Additional Sums to be Paid as a Result of Additional Taxes

      If the trust is required to pay any additional taxes, duties, assessments
or other governmental charges as a result of the occurrence of a Tax Event, we
will pay as additional interest on the debentures any amounts which may be
required so that the net amounts received and retained by the trust after paying
any additional taxes, duties, assessments or other governmental charges will not
be less than the amounts the trust would have received had the additional taxes,
duties, assessments or other governmental charges not been imposed.

Redemption

      Subject to prior approval of the Federal Reserve, if required by law or
regulation, we may redeem the debentures prior to maturity:

      o     on or after June 30, 2006, in whole at any time or in part from time
            to time;

      o     in whole at any time within 180 days following the occurrence of a
            Tax Event, an Investment Company Event or a Capital Treatment Event;
            or

      o     at any time, to the extent of any preferred securities we purchase,
            plus a proportionate amount of the common securities we hold.

      In each case we will pay a redemption price equal to the accrued and
unpaid interest on the debentures so redeemed to the date fixed for redemption,
plus 100% of the principal amount of the redeemed debentures.

      Notice of any redemption will be mailed at least 30 days but not more than
60 days before the redemption date to each holder of debentures to be redeemed
at its registered address. Redemption of less than all outstanding debentures
must be effected proportionately, by lot or in any other manner deemed to be
fair and appropriate by the indenture trustee. Unless we default in payment of
the redemption price for the debentures, on and after the redemption date
interest will no longer accrue on the debentures or the portions of the
debentures called for redemption.

      The debentures will not be subject to any sinking fund.

Distribution Upon Liquidation


      As described beginning on page 35 under "Description of the Preferred
Securities -Liquidation Distribution Upon Termination," under certain
circumstances and with the Federal Reserve's approval, the debentures may be
distributed to the holders of the preferred securities in liquidation of the
trust after satisfaction of liabilities to creditors of the trust. If this
occurs, we will use our best efforts to include the debentures in the Nasdaq
National Market or to list them on another stock exchange or national quotation
system in or on which the preferred securities are then included or listed, if
any. There can be no assurance as to the market price of any debentures that may
be distributed to the holders of preferred securities.



                                       46


Restrictions on Payments

      We are restricted from making certain payments, as described below, if we
have chosen to defer payment of interest on the debentures, if an event of
default has occurred and is continuing under the indenture, or if we are in
default with respect to our obligations under the guarantee.

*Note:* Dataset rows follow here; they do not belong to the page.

lemma abs_integral_pmf_minus_sum_le:
  fixes k :: "'a \<Rightarrow> real" and p :: "'a pmf"
  assumes "finite S" and "\<And>x. \<bar>k x\<bar> \<le> B"
  shows "\<bar>(\<integral>x. k x \<partial>p) - (\<Sum>x\<in>S. pmf p x * k x)\<bar> \<le> B * measure_pmf.prob p (- S)"
proof -
  have "0 \<le> B" using assms(2) abs_ge_zero order_trans by blast
  have int: "integrable p (\<lambda>x. k x * indicator A x)" for A
    using assms(2) \<open>0 \<le> B\<close> by (intro measure_pmf.integrable_const_bound[where B=B])
      (auto simp: indicator_def)
  have "(\<integral>x. k x \<partial>p) = (\<integral>x. k x * indicator S x + k x * indicator (- S) x \<partial>p)"
    by (rule Bochner_Integration.integral_cong) (auto simp: indicator_def)
  also have "\<dots> = (\<integral>x. k x * indicator S x \<partial>p) + (\<integral>x. k x * indicator (- S) x \<partial>p)"
    by (rule Bochner_Integration.integral_add[OF int int])
  finally have "(\<integral>x. k x \<partial>p) = (\<integral>x. k x * indicator S x \<partial>p) + (\<integral>x. k x * indicator (- S) x \<partial>p)" .
  moreover have "(\<integral>x. k x * indicator S x \<partial>p) = (\<Sum>x\<in>S. pmf p x * k x)"
    using assms(1) by (subst integral_measure_pmf_real[where A=S]) (auto simp: indicator_def mult.commute)
  moreover have "\<bar>\<integral>x. k x * indicator (- S) x \<partial>p\<bar> \<le> B * measure_pmf.prob p (- S)"
  proof -
    have "\<bar>\<integral>x. k x * indicator (- S) x \<partial>p\<bar> \<le> (\<integral>x. \<bar>k x * indicator (- S) x\<bar> \<partial>p)"
      by (rule integral_abs_bound)
    also have "\<dots> \<le> (\<integral>x. B * indicator (- S) x \<partial>p)"
    proof (rule integral_mono)
      show "integrable p (\<lambda>x. B * indicator (- S) x)"
        using \<open>0 \<le> B\<close> by (intro measure_pmf.integrable_const_bound[where B=B]) (auto simp: indicator_def)
      show "integrable p (\<lambda>x. \<bar>k x * indicator (- S) x\<bar>)"
        using int by (rule integrable_abs)
    qed (use assms(2) in \<open>auto simp: indicator_def\<close>)
    finally show ?thesis by simp
  qed
  ultimately show ?thesis by simp
qed

lemma comm_prob_pair_eq_integral:
  "comm_prob_pair G p q =
     (\<integral>x. (if x \<in> carrier G then measure_pmf.prob q (centralizer G x) else 0) \<partial>p)"
  unfolding comm_prob_pair_def measure_pair_pmf
  by (rule Bochner_Integration.integral_cong) (auto simp: centralizer_def)

lemma comm_prob_pair_commute: "comm_prob_pair G p q = comm_prob_pair G q p"
proof -
  let ?C = "{(x, y). x \<in> carrier G \<and> y \<in> carrier G \<and> x \<otimes>\<^bsub>G\<^esub> y = y \<otimes>\<^bsub>G\<^esub> x}"
  have "(\<lambda>(x, y). (y, x)) -` ?C = ?C" by auto
  then show ?thesis
    unfolding comm_prob_pair_def by (subst pair_commute_pmf) (simp only: measure_map_pmf)
qed

lemma comm_prob_pair_approx:
  assumes "prob_on G p"
    and "\<forall>x\<in>carrier G. \<bar>measure_pmf.prob q (centralizer G x) - f x\<bar> \<le> e"
    and "\<And>x. \<bar>f x\<bar> \<le> 1"
  shows "\<bar>comm_prob_pair G p q - (\<integral>x. f x \<partial>p)\<bar> \<le> e"
proof -
  define g where "g x = (if x \<in> carrier G then measure_pmf.prob q (centralizer G x) else 0)" for x
  have "integrable p g" "integrable p f"
    using assms(3) by (auto simp: g_def intro!: measure_pmf.integrable_const_bound[where B=1])
  then have "\<bar>comm_prob_pair G p q - (\<integral>x. f x \<partial>p)\<bar> = \<bar>\<integral>x. g x - f x \<partial>p\<bar>"
    by (simp add: comm_prob_pair_eq_integral g_def[abs_def])
  also have "\<dots> \<le> (\<integral>x. \<bar>g x - f x\<bar> \<partial>p)"
    by (rule integral_abs_bound)
  also have "\<dots> \<le> (\<integral>x. e \<partial>p)"
    using assms(1,2) \<open>integrable p g\<close> \<open>integrable p f\<close> unfolding prob_on_def
    by (intro integral_mono_AE AE_pmfI integrable_abs Bochner_Integration.integrable_diff)
      (auto simp: g_def[abs_def])
  finally show ?thesis by simp
qed

lemma comm_prob_close:
  assumes "prob_on G p" and "prob_on G q"
    and "\<forall>x\<in>carrier G. \<bar>measure_pmf.prob p (centralizer G x) - inv_centralizer_index G x\<bar> \<le> e"
    and "\<forall>x\<in>carrier G. \<bar>measure_pmf.prob q (centralizer G x) - inv_centralizer_index G x\<bar> \<le> e"
  shows "\<bar>comm_prob G p - comm_prob G q\<bar> \<le> 4 * e"
proof -
  let ?I = "\<lambda>r. \<integral>x. inv_centralizer_index G x \<partial>r"
  have "\<bar>comm_prob_pair G p p - ?I p\<bar> \<le> e" "\<bar>comm_prob_pair G p q - ?I p\<bar> \<le> e"
       "\<bar>comm_prob_pair G q p - ?I q\<bar> \<le> e" "\<bar>comm_prob_pair G q q - ?I q\<bar> \<le> e"
    using assms by (auto intro!: comm_prob_pair_approx simp: abs_inv_centralizer_index_le_1)
  then show ?thesis
    using comm_prob_pair_commute[of G p q]
    unfolding comm_prob_eq_comm_prob_pair abs_le_iff by linarith
qed

lemma comm_prob_uniformly_close:
  assumes "group G" and "\<forall>n. prob_on G (M n)" and "\<forall>n. prob_on G (M' n)"
    and "measures_index_uniformly G M" and "measures_index_uniformly G M'"
    and "e > 0"
  shows "\<exists>N. \<forall>n\<ge>N. \<forall>k\<ge>N. \<bar>comm_prob G (M n) - comm_prob G (M' k)\<bar> < e"
proof -
  have "eventually (\<lambda>n. (\<forall>x\<in>carrier G.
          \<bar>measure_pmf.prob (M n) (centralizer G x) - inv_centralizer_index G x\<bar> < e / 5) \<and>
        (\<forall>x\<in>carrier G.
          \<bar>measure_pmf.prob (M' n) (centralizer G x) - inv_centralizer_index G x\<bar> < e / 5))
        sequentially"
    using assms by (intro eventually_conj measures_index_uniformly_centralizer) auto
  then obtain N where N: "\<And>n. n \<ge> N \<Longrightarrow> \<forall>x\<in>carrier G.
      \<bar>measure_pmf.prob (M n) (centralizer G x) - inv_centralizer_index G x\<bar> \<le> e / 5 \<and>
      \<bar>measure_pmf.prob (M' n) (centralizer G x) - inv_centralizer_index G x\<bar> \<le> e / 5"
    unfolding eventually_sequentially by (meson less_imp_le)
  have "\<bar>comm_prob G (M n) - comm_prob G (M' k)\<bar> \<le> 4 * (e / 5)" if "n \<ge> N" "k \<ge> N" for n k
    using assms(2,3) N[OF \<open>n \<ge> N\<close>] N[OF \<open>k \<ge> N\<close>] by (intro comm_prob_close) auto
  then show ?thesis
    using \<open>e > 0\<close> by (intro exI[of _ N]) force
qed

lemma comm_prob_convergent:
  assumes "group G" and "\<forall>n. prob_on G (M n)" and "measures_index_uniformly G M"
  shows "convergent (\<lambda>n. comm_prob G (M n))"
proof -
  have "Cauchy (\<lambda>n. comm_prob G (M n))"
    using comm_prob_uniformly_close[OF assms(1,2,2,3,3)] by (intro CauchyI) auto
  then show ?thesis by (simp add: Cauchy_convergent_iff)
qed

lemma dc_seq_eq_lim:
  assumes "convergent (\<lambda>n. comm_prob G (M n))"
  shows "dc_seq G M = ereal (lim (\<lambda>n. comm_prob G (M n)))"
  unfolding dc_seq_def
  using assms by (intro lim_imp_Limsup) (simp_all add: convergent_LIMSEQ_iff)

lemma lim_comm_prob_unique:
  assumes "group G" and "\<forall>n. prob_on G (M n)" and "\<forall>n. prob_on G (M' n)"
    and "measures_index_uniformly G M" and "measures_index_uniformly G M'"
  shows "lim (\<lambda>n. comm_prob G (M' n)) = lim (\<lambda>n. comm_prob G (M n))"
proof -
  have "(\<lambda>n. comm_prob G (M n)) \<longlonglongrightarrow> lim (\<lambda>n. comm_prob G (M n))"
    using comm_prob_convergent[OF assms(1,2,4)] by (simp add: convergent_LIMSEQ_iff)
  moreover have "(\<lambda>n. comm_prob G (M n) - comm_prob G (M' n)) \<longlonglongrightarrow> 0"
    using comm_prob_uniformly_close[OF assms] by (intro LIMSEQ_I) (simp, meson order_refl)
  ultimately have "(\<lambda>n. comm_prob G (M' n)) \<longlonglongrightarrow> lim (\<lambda>n. comm_prob G (M n))"
    by (rule Lim_transform2)
  then show ?thesis by (rule limI)
qed

lemma bdd_onI: "(\<And>x. x \<in> carrier G \<Longrightarrow> \<bar>f x\<bar> \<le> B) \<Longrightarrow> bdd_on G f"
  by (auto simp: bdd_on_def)

lemma bdd_on_add: "bdd_on G f \<Longrightarrow> bdd_on G g \<Longrightarrow> bdd_on G (\<lambda>x. f x + g x)"
  unfolding bdd_on_def by (meson abs_triangle_ineq add_mono order_trans)

lemma bdd_on_mult: "bdd_on G f \<Longrightarrow> bdd_on G (\<lambda>x. c * f x)"
  unfolding bdd_on_def by (metis abs_ge_zero abs_mult mult_left_mono)

lemma bdd_on_sum: "(\<And>i. i \<in> I \<Longrightarrow> bdd_on G (f i)) \<Longrightarrow> bdd_on G (\<lambda>x. \<Sum>i\<in>I. f i x)"
proof (induction I rule: infinite_finite_induct)
  case (insert i I)
  then show ?case by (simp add: bdd_on_add)
qed (auto intro: bdd_onI[where B=0])

lemma bdd_on_indicator: "bdd_on G (indicator A :: _ \<Rightarrow> real)"
  by (rule bdd_onI[where B=1]) (simp add: indicator_def)

lemma bdd_on_integral_pmf:
  fixes p :: "'c pmf"
  assumes "\<And>x y. \<bar>h x y\<bar> \<le> B"
  shows "bdd_on G (\<lambda>y. \<integral>x. h x y \<partial>p)"
proof (rule bdd_onI)
  fix y
  have "\<bar>\<integral>x. h x y \<partial>p\<bar> \<le> (\<integral>x. \<bar>h x y\<bar> \<partial>p)"
    by (rule integral_abs_bound)
  also have "\<dots> \<le> (\<integral>x. B \<partial>p)"
    using assms by (intro integral_mono measure_pmf.integrable_const_bound[where B=B])
      (auto intro: order_trans[OF abs_ge_zero])
  finally show "\<bar>\<integral>x. h x y \<partial>p\<bar> \<le> B" by simp
qed

lemma bdd_on_inv_centralizer_index: "bdd_on G (inv_centralizer_index G)"
  by (rule bdd_onI[OF abs_inv_centralizer_index_le_1])

context
  fixes G :: "('a, 'b) monoid_scheme" (structure) and m :: "('a \<Rightarrow> real) \<Rightarrow> real"
  assumes mean: "left_inv_mean G m"
begin

lemma mean_add: "bdd_on G f \<Longrightarrow> bdd_on G g \<Longrightarrow> m (\<lambda>x. f x + g x) = m f + m g"
  using mean unfolding left_inv_mean_def by blast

      If any of these events occur, we will not:

      o     declare or pay any dividends or distributions on, or redeem,
            purchase, acquire, or make a liquidation payment with respect to,
            any of our capital stock, other than stock dividends, non-cash
            dividends in connection with the implementation of a shareholder
            rights plan, purchases of common stock in connection with employee
            benefit plans or in connection with the reclassification of any
            class of our capital stock into another class of capital stock, or
            allow any of our direct or indirect subsidiaries to do the same with
            respect to their capital stock (except as required to permit our
            subsidiary to continue to qualify as a "real estate investment
            trust" under the United States Internal Revenue Code of 1986, as
            amended), other than payment of dividends or distributions to us or
            to any of our direct or indirect subsidiaries;

      o     make, or allow any of our subsidiaries to make, any payment of
            principal, interest or premium on, or repay or repurchase or redeem
            any of our debt securities that rank equally with or junior to the
            debentures;


      o     make, or allow any of our subsidiaries to make, any guarantee
            payments with respect to any guarantee by us of any debt securities
            if the guarantee ranks equally with or junior to the debentures,
            other than payments under the guarantee relating to the preferred
            securities; or


      o     redeem, purchase or acquire less than all of the debentures or any
            of the preferred securities.

Subordination

      The debentures are subordinated and junior in right of payment to all of
our senior and subordinated debt, as defined below. Upon any payment or
distribution of assets to creditors upon any liquidation, dissolution, winding
up or reorganization of our company, whether voluntary or involuntary in
bankruptcy, insolvency, receivership or other proceedings in connection with any
insolvency or bankruptcy proceedings, the holders of our senior and subordinated
debt will first be entitled to receive payment in full of principal and interest
before the holders of debentures will be entitled to receive or retain any
payment in respect of the debentures.

      If the maturity of any debentures is accelerated, the holders of all of
our senior and subordinated debt outstanding at the time of the acceleration
will also be entitled to first receive payment in full of all amounts due to
them, including any amounts due upon acceleration, before the holders of the
debentures will be entitled to receive or retain any principal or interest
payments on the debentures.

      No payments of principal or interest on the debentures may be made if
there has occurred and is continuing a default in any payment with respect to
any of our senior or subordinated debt or an event of


                                       47


default with respect to any of our senior or subordinated debt resulting in the
acceleration of the maturity of the senior or subordinated debt, or if any
judicial proceeding is pending with respect to any default.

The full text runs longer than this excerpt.